-- YOUR ASSIGNMENT --
Report each line of the entries below that includes "assumes".

-- DATA TO PROCESS --

lemma singular_iff_pluecker_subset:
  assumes K: "K = {V. proj_subspace n h V \<and> pluecker n h V \<subseteq> H}" and "fsp.subspace H"
    and H: "\<And>y. y \<in> pl_space n h \<Longrightarrow> y \<in> H \<longleftrightarrow> pl_pairing n h c y = 0"
    and U: "proj_subspace n (h - 1) U" and "1 \<le> h"
  shows "singular n h K U \<longleftrightarrow> pluecker n (h - 1) U \<subseteq> singular_space n h c"
proof -
  let ?x = "wedge n (pluecker_basis (h - 1) U)"
  note basis = pluecker_basis[OF U]
  have len: "length (pluecker_basis (h - 1) U) = h" using basis(1) assms(5) by simp
  have "pluecker n (h - 1) U \<subseteq> singular_space n h c \<longleftrightarrow> ?x \<in> singular_space n h c"
    by (rule pluecker_subset_iff[OF subspace_singular_space])
  also have "\<dots> \<longleftrightarrow> (\<forall>j\<le>n. pl_pairing n h c (ext_prod h ?x (basis_vec j)) = 0)"
    using wedge_in_pl_space[of "pluecker_basis (h - 1) U" "h - 1" n] len assms(5)
    by (simp add: singular_space_def)
  also have "\<dots> \<longleftrightarrow> (\<forall>v\<in>ambient n. pl_pairing n h c (ext_prod h ?x v) = 0)"
  proof
    assume "\<forall>j\<le>n. pl_pairing n h c (ext_prod h ?x (basis_vec j)) = 0"
    then show "\<forall>v\<in>ambient n. pl_pairing n h c (ext_prod h ?x v) = 0"
      by (simp add: pl_pairing_ext_prod_expansion)
  qed (use basis_vec_in_ambient in blast)
  also have "\<dots> \<longleftrightarrow> (\<forall>v\<in>ambient n. pl_pairing n h c (wedge n (pluecker_basis (h - 1) U @ [v])) = 0)"
    using pl_pairing_wedge_snoc[OF len] by simp
  also have "\<dots> \<longleftrightarrow> singular n h K U"
    using wedge_snoc_vanishes_if_singular[OF K assms(2) H len basis(2,3) _ assms(5)]
      singular_if_wedge_snoc_vanishes[OF K assms(2) H len basis(2,3) _ assms(5)] U
    unfolding basis(4) by blast
  finally show ?thesis by blast
qed

lemma dim_pl_space_pred:
  "1 \<le> h \<Longrightarrow> fsp.dim (pl_space n (h - 1) :: (nat set \<Rightarrow> 'a::field) set) = (n + 1 choose h)"
  using dim_pl_space[of n "h - 1"] by simp

lemma dim_singular_space_ge:
  fixes c :: "nat set \<Rightarrow> 'a::field"
  assumes "1 \<le> h"
  shows "(n + 1 choose h) \<le> fsp.dim (singular_space n h c) + (n + 1)"
proof -
  have "fsp.dim (pl_space n (h - 1) :: (nat set \<Rightarrow> 'a) set)
      \<le> fsp.dim (singular_space n h c) + (n + 1)"
    unfolding singular_space_eq_kernels
    by (intro dim_le_dim_kernels subspace_pl_space finite_dim_pl_space
        module_hom_pl_pairing_ext_prod_left)
  then show ?thesis using dim_pl_space_pred[OF assms, of n, where 'a='a] by linarith
qed

lemma ext_prod_pl_unit_eq_0:
  assumes "T \<in> pl_index n h" and "\<not> (t \<in> T \<and> T - {t} = R)"
  shows "ext_prod h (pl_unit R :: nat set \<Rightarrow> 'a::field) (basis_vec t) T = 0"
  unfolding ext_prod_def
proof (rule sum.neutral, rule ballI)
  fix k assume "k \<in> {..<h + 1}"
  then have "sorted_list_of_set T ! k \<in> T"
    using pl_index_finite_card[OF assms(1)] by (metis lessThan_iff nth_mem set_sorted_list_of_set)
  then show "(-1) ^ (h + k) * pl_unit R (T - {sorted_list_of_set T ! k})
      * basis_vec t (sorted_list_of_set T ! k) = (0::'a)"
    using assms(2) by (auto simp: pl_unit_def basis_vec_def)
qed

lemma ext_prod_pl_unit_remove:
  assumes "T \<in> pl_index n h" and i: "i < h + 1"
  defines "t \<equiv> sorted_list_of_set T ! i"
  shows "ext_prod h (pl_unit (T - {t}) :: nat set \<Rightarrow> 'a::field) (basis_vec t) T = (-1) ^ (h + i)"
proof -
  let ?xs = "sorted_list_of_set T"
  have "?xs ! k = t \<longleftrightarrow> k = i" if "k < h + 1" for k
    using nth_eq_iff_index_eq[of ?xs k i] that i pl_index_finite_card[OF assms(1)] t_def by simp
  then have "ext_prod h (pl_unit (T - {t}) :: nat set \<Rightarrow> 'a) (basis_vec t) T
      = (\<Sum>k<h + 1. if k = i then (-1) ^ (h + i) else 0)"
    unfolding ext_prod_def by (intro sum.cong refl) (auto simp: pl_unit_def basis_vec_def)
  then show ?thesis using i by simp
qed
lemma kappa_compare:
  assumes \<omega>: "nonquasianalytic_weight_fun \<omega>" and \<sigma>: "nonquasianalytic_weight_fun \<sigma>" and C: "0 < C"
    and le: "\<And>x. 0 \<le> x \<Longrightarrow> a * \<sigma> (x / C) \<le> \<omega> x + c" and r: "0 < r"
  shows "a * kappa \<sigma> (r / C) - c \<le> kappa \<omega> r"
proof -
  have hb: "has_bochner_integral lborel (\<lambda>s. a * kappa_integrand \<sigma> (r / C) s - c * (indicator {1..} s * s powr (-2)))
      (a * kappa \<sigma> (r / C) - c * 1)"
    using nonquasianalytic_weight_fun.integrable_kappa_integrand[OF \<sigma>, of "r / C"]
      has_bochner_integral_powr_tail[of "-2" 1] r C
    by (intro has_bochner_integral_diff has_bochner_integral_mult_right)
      (auto simp: has_bochner_integral_iff kappa_eq_integral)
  have "a * kappa_integrand \<sigma> (r / C) s - c * (indicator {1..} s * s powr (-2)) \<le> kappa_integrand \<omega> r s" for s
  proof (cases "1 \<le> s")
    case True
    then have "(a * \<sigma> (r * s / C) - c) / s\<^sup>2 \<le> \<omega> (r * s) / s\<^sup>2"
      using le[of "r * s"] r by (intro divide_right_mono) auto
    then show ?thesis using True by (simp add: kappa_integrand_def powr_minus_two diff_divide_distrib)
  qed (simp add: kappa_integrand_def)
  then have "(\<integral>s. a * kappa_integrand \<sigma> (r / C) s - c * (indicator {1..} s * s powr (-2)) \<partial>lborel)
      \<le> kappa \<omega> r"
    unfolding kappa_eq_integral using hb nonquasianalytic_weight_fun.integrable_kappa_integrand[OF \<omega> r]
    by (intro integral_mono) (auto simp: has_bochner_integral_iff)
  then show ?thesis by (simp add: has_bochner_integral_integral_eq[OF hb])
qed

(* By kappa_le_poissonP, P/2 >= kappa_omega / 16 = kappa_omega / 32 + kappa_omega / 32:
   the first half dominates kappa_sigma (r / C) by hypothesis, the second absorbs the extra
   factor sqrt r of poisson_term because kappa_omega r >= omega r >= 16 ln r - l. *)
lemma poisson_term_le_K_seq:
  assumes \<omega>: "nonquasianalytic_weight_fun \<omega>" and \<sigma>: "nonquasianalytic_weight_fun \<sigma>" and C: "0 < C"
    and le: "\<And>r. 0 < r \<Longrightarrow> 32 * kappa \<sigma> (r / C) - c \<le> kappa \<omega> r"
  shows "\<exists>D>0. \<forall>k r. 0 < r \<longrightarrow> poisson_term \<omega> k r \<le> D * C ^ k * K_seq \<sigma> k"
proof -
  interpret \<omega>: nonquasianalytic_weight_fun \<omega> by (fact \<omega>)
  interpret \<sigma>: nonquasianalytic_weight_fun \<sigma> by (fact \<sigma>)
  obtain l where l: "\<And>t. 0 < t \<Longrightarrow> real 16 * ln t - l \<le> \<omega> t" using \<omega>.ln_growth by blast
  define D where "D = exp (c / 32 + l / 32)"
  have "poisson_term \<omega> k r \<le> D * C ^ k * K_seq \<sigma> k" if r: "0 < r" for k r
  proof -
    have "kappa \<omega> r / 8 \<le> kappa \<omega> r / (2 * pi)"
      using \<omega>.kappa_nonneg[of r] r pi_less_4 by (intro divide_left_mono) auto
    then have "- poissonP \<omega> 0 r / 2 \<le> - kappa \<sigma> (r / C) + (c / 32 + l / 32) - ln r / 2"
      using \<omega>.kappa_le_poissonP[OF r] \<omega>.le_kappa[OF r] l[OF r] le[OF r] by simp
    then have "exp (- poissonP \<omega> 0 r / 2) \<le> exp (- kappa \<sigma> (r / C) + (c / 32 + l / 32) - ln r / 2)"
      by simp
    also have "\<dots> = exp (- kappa \<sigma> (r / C)) * D / sqrt r"
    proof -
      have "exp (ln r / 2) = sqrt r" using r by (simp add: ln_sqrt[symmetric])
      then show ?thesis unfolding D_def by (simp only: exp_add exp_diff)
    qed
    finally have "exp (- poissonP \<omega> 0 r / 2) \<le> exp (- kappa \<sigma> (r / C)) * D / sqrt r" .
    then have "poisson_term \<omega> k r \<le> r ^ k * sqrt r * (exp (- kappa \<sigma> (r / C)) * D / sqrt r)"
      unfolding poisson_term_def powr_nat_plus_half[OF r] using r by (intro mult_left_mono) auto
    also have "\<dots> = D * C ^ k * ((r / C) ^ k * exp (- kappa \<sigma> (r / C)))"
      using r C by (simp add: field_simps)
    also have "\<dots> \<le> D * C ^ k * K_seq \<sigma> k"
      using \<sigma>.power_mult_exp_kappa_le_K_seq[of "r / C" k] r C by (simp add: D_def)
    finally show ?thesis .
  qed
  moreover have "0 < D" by (simp add: D_def)
  ultimately show ?thesis by blast
qed

section \<open>Non-quasianalytic weight sequences\<close>

definition ln_plus :: "real \<Rightarrow> real" where
  "ln_plus x = max 0 (ln x)"

definition tail_bump :: "real \<Rightarrow> real \<Rightarrow> real" where
  "tail_bump a s = indicator {a..} s * s powr (-3/2) / sqrt a"

lemma ln_plus_nonneg: "0 \<le> ln_plus x"
  by (simp add: ln_plus_def)

lemma ln_plus_le: "0 < x \<Longrightarrow> ln_plus x \<le> x"
  using ln_le_minus_one[of x] by (simp add: ln_plus_def)

lemma tail_bump_nonneg: "0 \<le> a \<Longrightarrow> 0 \<le> tail_bump a s"
  by (simp add: tail_bump_def indicator_def)

lemma has_bochner_integral_tail_bump:
  assumes a: "0 < a"
  shows "has_bochner_integral lborel (tail_bump a) (2 / a)"
proof -
  have "has_bochner_integral lborel (\<lambda>s. indicator {a..} s * s powr (-3/2) / sqrt a)
      (- (a powr (-3/2 + 1)) / (-3/2 + 1) / sqrt a)"
    using has_bochner_integral_powr_tail[of "-3/2" a] a by (intro has_bochner_integral_divide_zero) auto
  moreover have "- (a powr (-3/2 + 1)) / (-3/2 + 1) / sqrt a = 2 / a"
    using a by (simp add: powr_minus_divide powr_half_sqrt)
  ultimately show ?thesis by (simp add: tail_bump_def [abs_def])
qed

lemma ln_plus_div_power2_le_tail_bump:
  assumes a: "0 < a" and s: "0 < s"
  shows "ln_plus (s / a) / s\<^sup>2 \<le> 2 * tail_bump a s"
proof (cases "a \<le> s")
  case True
  have "ln_plus (s / a) \<le> 2 * sqrt (s / a)"
    using ln_le_two_sqrt[of "s / a"] a s by (simp add: ln_plus_def)
  then have "ln_plus (s / a) / s\<^sup>2 \<le> 2 * sqrt (s / a) / s\<^sup>2"
    by (rule divide_right_mono) simp
  also have "\<dots> = 2 * (sqrt s / s\<^sup>2) / sqrt a"
    by (simp add: real_sqrt_divide)
  finally have "ln_plus (s / a) / s\<^sup>2 \<le> 2 * (sqrt s / s\<^sup>2) / sqrt a" .
  then show ?thesis using True s by (simp add: tail_bump_def sqrt_div_power2)
next
  case False
  then have "ln (s / a) \<le> 0" using a s by simp
  then show ?thesis using False by (simp add: ln_plus_def tail_bump_def)
qed

lemma ln_one_plus_power2_le_tail_bump:
  assumes r: "0 < r" and s: "1 \<le> s"
  shows "ln (1 + (r * s)\<^sup>2) / s\<^sup>2 \<le> 4 * sqrt (1 + r) * tail_bump 1 s"
proof -
  have "1 \<le> s\<^sup>2" "0 \<le> 2 * r * s\<^sup>2" using s r by simp_all
  then have "1 + (r * s)\<^sup>2 \<le> ((1 + r) * s)\<^sup>2" by (simp add: power2_eq_square algebra_simps)
  then have "ln (1 + (r * s)\<^sup>2) \<le> ln (((1 + r) * s)\<^sup>2)"
    using r s by (subst ln_le_cancel_iff) (auto intro: add_pos_nonneg)
  also have "\<dots> = 2 * ln ((1 + r) * s)" using r s by (simp add: ln_realpow)
  also have "\<dots> \<le> 4 * (sqrt (1 + r) * sqrt s)"
    using ln_le_two_sqrt[of "(1 + r) * s"] r s by (simp add: real_sqrt_mult mult.commute)
  finally have "ln (1 + (r * s)\<^sup>2) / s\<^sup>2 \<le> 4 * sqrt (1 + r) * (sqrt s / s\<^sup>2)"
    by (simp add: divide_right_mono)
  then show ?thesis using s by (simp add: tail_bump_def sqrt_div_power2)
qed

-- TASK RESULT --
  assumes K: "K = {V. proj_subspace n h V \<and> pluecker n h V \<subseteq> H}" and "fsp.subspace H"
  assumes "1 \<le> h"
  assumes "T \<in> pl_index n h" and "\<not> (t \<in> T \<and> T - {t} = R)"
  assumes "T \<in> pl_index n h" and i: "i < h + 1"
  assumes \<omega>: "nonquasianalytic_weight_fun \<omega>" and \<sigma>: "nonquasianalytic_weight_fun \<sigma>" and C: "0 < C"
  assumes \<omega>: "nonquasianalytic_weight_fun \<omega>" and \<sigma>: "nonquasianalytic_weight_fun \<sigma>" and C: "0 < C"
  assumes a: "0 < a"
  assumes a: "0 < a" and s: "0 < s"
  assumes r: "0 < r" and s: "1 \<le> s"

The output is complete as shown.